Jake threw his head back in laughter. “God, my girl is cocky.”

“Pot, meet Kettle.”

“Good thing we’re both attracted to cocky, then, huh?”

“Good thing.”

We smiled intimately at one another before turning our attention back to our food. Over the last few weeks, our relationship had grown pretty intense. It was already intense before so that was saying something. People were right when they said sex changes things. For Jake and me, it had brought us closer but had also added this edge of possessiveness that I wasn’t expecting. On both sides. If I saw him laughing with another girl, I’d feel a pang in my chest I didn’t like and I had to remind myself that Jake loved me. It became pretty clear, however, that Jake was as susceptible to those emotions as I was. Case in point, his attitude toward Alex. I still talked to Alex at school and two weeks ago when Jake came upon us laughing at my locker, he’d made it clear on the ride home that he hadn’t liked it. We argued. There was shouting and yelling and even some growling. My intention had been to jump out of Hendrix angry and without saying goodbye, but Jake hadn’t liked that, either—proving so by yanking me across the cab and practically into his lap so he could kiss the anger right out of me.

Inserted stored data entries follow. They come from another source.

lemma Amat_mult_cofrow_rev:
  "Amat n *\<^sub>v vec (n+1) (\<lambda>j. cofrow n (n - j)) = ((real n + 3) * (real n + 4)) \<cdot>\<^sub>v unit_vec (n+1) n"
proof (rule eq_vecI)
  fix i
  assume "i < dim_vec (((real n + 3) * (real n + 4)) \<cdot>\<^sub>v unit_vec (n+1) n)"
  then have i: "i \<le> n"
    by simp
  have "(\<Sum>j\<le>n. gram_coeff (absdiff i j) * cofrow n (n - j)) =
      (\<Sum>j\<le>n. gram_coeff (absdiff (n - i) j) * cofrow n j)"
    by (rule sum.reindex_bij_witness[of _ "\<lambda>j. n - j" "\<lambda>j. n - j"])
      (use i in \<open>auto simp: absdiff_def\<close>)
  then show "(Amat n *\<^sub>v vec (n+1) (\<lambda>j. cofrow n (n - j))) $ i =
      (((real n + 3) * (real n + 4)) \<cdot>\<^sub>v unit_vec (n+1) n) $ i"
    unfolding Amat_mult_vec[OF i] sum_gram_coeff_cofrow using i by auto
qed (simp add: Amat_eq)

lemma cofactor_Amat:
  assumes "Amat n *\<^sub>v vec (n+1) c = ((real n + 3) * (real n + 4)) \<cdot>\<^sub>v unit_vec (n+1) q"
    and "q \<le> n" "j \<le> n"
  shows "cofactor (Amat n) q j = det (Amat n) / ((real n + 3) * (real n + 4)) * c j"
proof -
  have "cofactor (Amat n) q j * ((real n + 3) * (real n + 4)) = det (Amat n) * vec (n+1) c $ j"
    by (rule cofactor_mult_eq_det_mult[OF Amat_carrier _ assms(1)]) (use assms in auto)
  moreover have "real n + 3 \<noteq> 0" "real n + 4 \<noteq> 0"
    by linarith+
  ultimately show ?thesis
    using assms by (simp add: eq_divide_eq)
qed

lemma cofactor_Amat_first_row:
  "j \<le> n \<Longrightarrow> cofactor (Amat n) 0 j = det (Amat n) / ((real n + 3) * (real n + 4)) * cofrow n j"
  by (rule cofactor_Amat[OF Amat_mult_cofrow]) simp_all

lemma cofactor_Amat_last_row:
  "j \<le> n \<Longrightarrow> cofactor (Amat n) n j = det (Amat n) / ((real n + 3) * (real n + 4)) * cofrow n (n - j)"
  by (rule cofactor_Amat[OF Amat_mult_cofrow_rev]) simp_all

lemma mat_delete_Amat: "mat_delete (Amat (Suc n)) 0 0 = Amat n"
  by (rule eq_matI) (auto simp: mat_delete_def Amat_eq absdiff_def)

lemma cofactor_Amat_0_0: "cofactor (Amat n) 0 0 = Dn n"
proof (cases n)
  case 0
  have "mat_delete (Amat 0) 0 0 \<in> carrier_mat 0 0"
    using mat_delete_carrier[OF Amat_carrier[of 0]] by simp
  with 0 show ?thesis
    by (simp add: cofactor_def Dn_def)
qed (simp add: cofactor_def Dn_def mat_delete_Amat)

lemma Dn_Suc: "Dn (Suc n) = det (Amat n)"
  by (simp add: Dn_def)

lemma Dn_recurrence: "Dn (Suc n) * ((real n + 1) * (real n + 2)) = Dn n * ((real n + 3) * (real n + 4))"
proof -
  have "real n + 3 \<noteq> 0" "real n + 4 \<noteq> 0"
    by linarith+
  moreover have "Dn n = Dn (Suc n) / ((real n + 3) * (real n + 4)) * ((real n + 1) * (real n + 2))"
    using cofactor_Amat_first_row[of 0 n] by (simp add: cofactor_Amat_0_0 Dn_Suc cofrow_def)
  ultimately show ?thesis
    by (simp add: eq_divide_eq)
qed

lemma Dn_eq: "Dn n = (real n + 1) * (real n + 2)^2 * (real n + 3) / 12"
proof (induction n)
  case 0
  then show ?case
    by (simp add: Dn_def)
next
  case (Suc n)
  have "Dn (Suc n) * ((real n + 1) * (real n + 2)) =
      ((real n + 2) * (real n + 3)^2 * (real n + 4) / 12) * ((real n + 1) * (real n + 2))"
    unfolding Dn_recurrence Suc.IH by (simp add: power2_eq_square algebra_simps)
  moreover have "(real n + 1) * (real n + 2) \<noteq> 0"
    by simp
  ultimately have "Dn (Suc n) = (real n + 2) * (real n + 3)^2 * (real n + 4) / 12"
    by (metis mult_right_cancel)
  then show ?case
    by (simp add: algebra_simps)
qed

I talked to my mom about our arguments but she said she’d been the same with Dad when they were just starting out. They butted heads quite a bit and their “discussions” could get heated, but it was all in passion, not volatility. They were just trying to figure each other out.

They still butted heads and were still crazy about each other, so I wasn’t going to worry about petty clashes between Jake and me.

It was far better putting my thoughts toward the next time and place we could use to be alone. Sneaking around to have sex was not easy when both sets of parents took preventing that very seriously. However, it wasn’t quite impossible. Since our first time six weeks ago, we’d had sex seven times. Yes, I was counting. We managed to find alone time at least once a week, but since the sex just kept getting better and (oh my God) better, it was difficult to focus on anything other than sex with Jake.